■ Exercise aim ■
Start at the line in the entries below that contains "n (\<lambda>j. min", stop at the line that contains "unfolding Q_opt_def Qk_plus_def", and output exactly the lines in that span, both ends included.

Collected data entries
(* In the setting of the context, let $c_p(\epsilon)$, $p\in\mathrm{JK}$, be arbitrary functions of $\epsilon$ independent of $\mathbf t$, and let $\mathcal F_\alpha(\mathbf t,\epsilon)=\sum_{p\in\mathrm{JK}}c_p(\epsilon)e^{-H_\epsilon(p)}$ (a generic solution of the classical equivariant cohomology relations). Then $\hat I_{X_{\mathbf t}}\cdot\mathcal F_\alpha(\mathbf t,\epsilon)$ is a formal solution of the equivariant Picard–Fuchs equations, i.e.\ $\mathrm{PF}^{\mathrm{eq}}_\gamma\,\hat I_{X_{\mathbf t}}\cdot\mathcal F_\alpha=0$ for all $\gamma\in\Lambda$.
   Context: $Q=(Q^a_i)$ integer $r\times N$ matrix with columns $Q_i$; chamber $\mathcal K\ni\mathbf t$ of regular values of $\mu^a(Z)=\sum_iQ^a_i|Z^i|^2$; $X_{\mathbf t}=\mu^{-1}(\mathbf t)/U(1)^r$ smooth. JK $=\{p=(i_1,\dots,i_r):\mathcal K\subseteq\mathrm{Cone}(Q_{i_1},\dots,Q_{i_r})\}$, $Q_p=(Q_{i_1}|\cdots|Q_{i_r})$ (invertible over $\mathbb{Z}$), $H_\epsilon(p)=\sum_{a,b}\epsilon_{i_b}(Q_p^{-1})^b_at^a$. $\Lambda=\mathcal K^\vee\cap\mathbb{Z}^r$, $\mathcal K^\vee=\{\mathbf d:\sum_ad_at^a\ge0\ \forall\mathbf t\in\mathcal K\}$. $\mathcal D_i=\epsilon_i+\sum_aQ^a_i\partial/\partial t^a$; Pochhammer $(z)_n=\Gamma(z+n)/\Gamma(z)$. Givental operator $\hat I_{X_{\mathbf t}}=\sum_{\mathbf d\in\Lambda}e^{-\lambda\sum_ad_at^a}\prod_{i=1}^N(\mathcal D_i/\lambda)_{-\sum_ad_aQ^a_i}$. Equivariant Picard–Fuchs operators $\mathrm{PF}^{\mathrm{eq}}_\gamma=\prod_{\{i:\sum_a\gamma_aQ^a_i>0\}}(\mathcal D_i/\lambda)_{\sum_a\gamma_aQ^a_i}-e^{-\lambda\sum_a\gamma_at^a}\prod_{\{i:\sum_a\gamma_aQ^a_i\le0\}}(\mathcal D_i/\lambda)_{-\sum_a\gamma_aQ^a_i}$. *)

theory Defs
  imports "HOL-Analysis.Analysis"
begin
(* Let $Y\subseteq\Omega$, $D\in\mathcal{I}^{\mathbf{c}}(Y)$ and $e\in\max(Y)$. Then $$\pi(Y,D)-\pi(Y-\{e\},D-\{e\})=\begin{cases}\eta_{(e)}\Big(\prod_{i\in\langle\{e\}\rangle_Y-\{e\}}\tau_{(i)}\Big)x^{|\langle\{e\}\rangle_Y|}\,\pi(Y-\langle\{e\}\rangle_Y,D),& e\notin D;\\ 0,& e\in D-\min(D);\\ -\Big(\prod_{i\in\langle\{e\}\rangle_Y-\{e\}}\tau_{(i)}\Big)x^{|\langle\{e\}\rangle_Y|}\,\pi(Y-\langle\{e\}\rangle_Y,D-\{e\}),& e\in\min(D).\end{cases}$$
   Context: $\Omega$ is a finite set and $\mathbf{P}=(\Omega,\preccurlyeq_{\mathbf{P}})$ a poset. For $Y\subseteq\Omega$: $\max(Y)$, $\min(Y)$ are the maximal, minimal elements of $Y$ w.r.t. $\preccurlyeq_{\mathbf{P}}$; $\mathcal{I}(Y)$ is the set of down-closed subsets of $Y$ (induced order); $\mathcal{I}^{\mathbf{c}}(Y)$ is the set of up-closed subsets of $Y$; for $A\subseteq Y$, $\langle A\rangle_Y=\{y\in Y:\exists a\in A, y\preccurlyeq_{\mathbf{P}}a\}$. $K$ is a commutative ring, $\tau,\eta\in K^{\Omega}$. For $D,I\subseteq\Omega$, $\varphi(D,I)=(-1)^{|I\cap D|}\big(\prod_{i\in I-\max(I)}\tau_{(i)}\big)\big(\prod_{i\in\max(I)-D}\eta_{(i)}\big)$ if $I\cap D\subseteq\max(I)$, and $0$ otherwise; for $D\subseteq Y\subseteq\Omega$, $\pi(Y,D)=\sum_{I\in\mathcal{I}(Y)}\varphi(D,I)x^{|I|}\in K[x]$. *)

theory Defs
  imports "HOL-Computational_Algebra.Polynomial"
begin

definition partial_order_pred :: "'a set \<Rightarrow> ('a \<Rightarrow> 'a \<Rightarrow> bool) \<Rightarrow> bool" where
  "partial_order_pred \<Omega> le \<longleftrightarrow>
     (\<forall>x\<in>\<Omega>. le x x) \<and>
     (\<forall>x\<in>\<Omega>. \<forall>y\<in>\<Omega>. le x y \<and> le y x \<longrightarrow> x = y) \<and>
     (\<forall>x\<in>\<Omega>. \<forall>y\<in>\<Omega>. \<forall>z\<in>\<Omega>. le x y \<and> le y z \<longrightarrow> le x z)"

definition maxs :: "('a \<Rightarrow> 'a \<Rightarrow> bool) \<Rightarrow> 'a set \<Rightarrow> 'a set" where
  "maxs le Y = {y\<in>Y. \<forall>z\<in>Y. le y z \<longrightarrow> z = y}"

definition mins :: "('a \<Rightarrow> 'a \<Rightarrow> bool) \<Rightarrow> 'a set \<Rightarrow> 'a set" where
  "mins le Y = {y\<in>Y. \<forall>z\<in>Y. le z y \<longrightarrow> z = y}"

definition downsets :: "('a \<Rightarrow> 'a \<Rightarrow> bool) \<Rightarrow> 'a set \<Rightarrow> 'a set set" where
  "downsets le Y = {I. I \<subseteq> Y \<and> (\<forall>a\<in>I. \<forall>y\<in>Y. le y a \<longrightarrow> y \<in> I)}"

text \<open>Up-closed subsets of Y (the set I^c(Y)).\<close>
definition upsets :: "('a \<Rightarrow> 'a \<Rightarrow> bool) \<Rightarrow> 'a set \<Rightarrow> 'a set set" where
  "upsets le Y = {I. I \<subseteq> Y \<and> (\<forall>a\<in>I. \<forall>y\<in>Y. le a y \<longrightarrow> y \<in> I)}"

definition down_gen :: "('a \<Rightarrow> 'a \<Rightarrow> bool) \<Rightarrow> 'a set \<Rightarrow> 'a set \<Rightarrow> 'a set" where
  "down_gen le Y A = {y\<in>Y. \<exists>a\<in>A. le y a}"
text \<open>For 1 \<le> i \<le> n the vertex set has a partition into exactly i blocks, namely
  {1}, ..., {i-1}, {i..n}.\<close>
lemma partition_of_size_exists:
  assumes "1 \<le> i" "i \<le> n"
  shows "level_partition n (\<lambda>j. min j i) \<in> {P. partition_on {1..n} P \<and> card P = i}"
proof -
  have "{1..i} \<subseteq> (\<lambda>j. min j i) ` {1..n}"
  proof
    fix x assume "x \<in> {1..i}"
    then have "x = min x i" "x \<in> {1..n}" using assms by auto
    then show "x \<in> (\<lambda>j. min j i) ` {1..n}" by blast
  qed
  then have "(\<lambda>j. min j i) ` {1..n} = {1..i}"
    using assms by auto
  then show ?thesis
    using level_partition_partition_on[of n] card_level_partition[of n "\<lambda>j. min j i"] by simp
qed

lemma modularity_le_Qk:
  assumes "partition_on {1..n} P"
  shows "modularity n E P \<le> Qk n E (card P)"
  unfolding Qk_def using assms by (intro Max_ge finite_imageI finite_partitions) auto

lemma Qk_attained:
  assumes "1 \<le> i" "i \<le> n"
  obtains P where "partition_on {1..n} P" "Qk n E i = modularity n E P"
proof -
  let ?S = "{P. partition_on {1..n} P \<and> card P = i}"
  have "Qk n E i \<in> modularity n E ` ?S"
    unfolding Qk_def using partition_of_size_exists[OF assms]
    by (intro Max_in finite_imageI finite_partitions) blast
  then show ?thesis using that by blast
qed

lemma Q_opt_attained:
  assumes "1 \<le> n"
  obtains P where "partition_on {1..n} P" "Q_opt n E = modularity n E P"
proof -
  have "Q_opt n E \<in> Qk n E ` {1..n}"
    unfolding Q_opt_def Qk_plus_def using assms by (intro Max_in) auto
  then obtain i where "i \<in> {1..n}" "Q_opt n E = Qk n E i" by blast
  then show ?thesis using Qk_attained[of i n E] that by auto
qed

■ Your response ■
  shows "level_partition n (\<lambda>j. min j i) \<in> {P. partition_on {1..n} P \<and> card P = i}"
proof -
  have "{1..i} \<subseteq> (\<lambda>j. min j i) ` {1..n}"
  proof
    fix x assume "x \<in> {1..i}"
    then have "x = min x i" "x \<in> {1..n}" using assms by auto
    then show "x \<in> (\<lambda>j. min j i) ` {1..n}" by blast
  qed
  then have "(\<lambda>j. min j i) ` {1..n} = {1..i}"
    using assms by auto
  then show ?thesis
    using level_partition_partition_on[of n] card_level_partition[of n "\<lambda>j. min j i"] by simp
qed

lemma modularity_le_Qk:
  assumes "partition_on {1..n} P"
  shows "modularity n E P \<le> Qk n E (card P)"
  unfolding Qk_def using assms by (intro Max_ge finite_imageI finite_partitions) auto

lemma Qk_attained:
  assumes "1 \<le> i" "i \<le> n"
  obtains P where "partition_on {1..n} P" "Qk n E i = modularity n E P"
proof -
  let ?S = "{P. partition_on {1..n} P \<and> card P = i}"
  have "Qk n E i \<in> modularity n E ` ?S"
    unfolding Qk_def using partition_of_size_exists[OF assms]
    by (intro Max_in finite_imageI finite_partitions) blast
  then show ?thesis using that by blast
qed

lemma Q_opt_attained:
  assumes "1 \<le> n"
  obtains P where "partition_on {1..n} P" "Q_opt n E = modularity n E P"
proof -
  have "Q_opt n E \<in> Qk n E ` {1..n}"
    unfolding Q_opt_def Qk_plus_def using assms by (intro Max_in) auto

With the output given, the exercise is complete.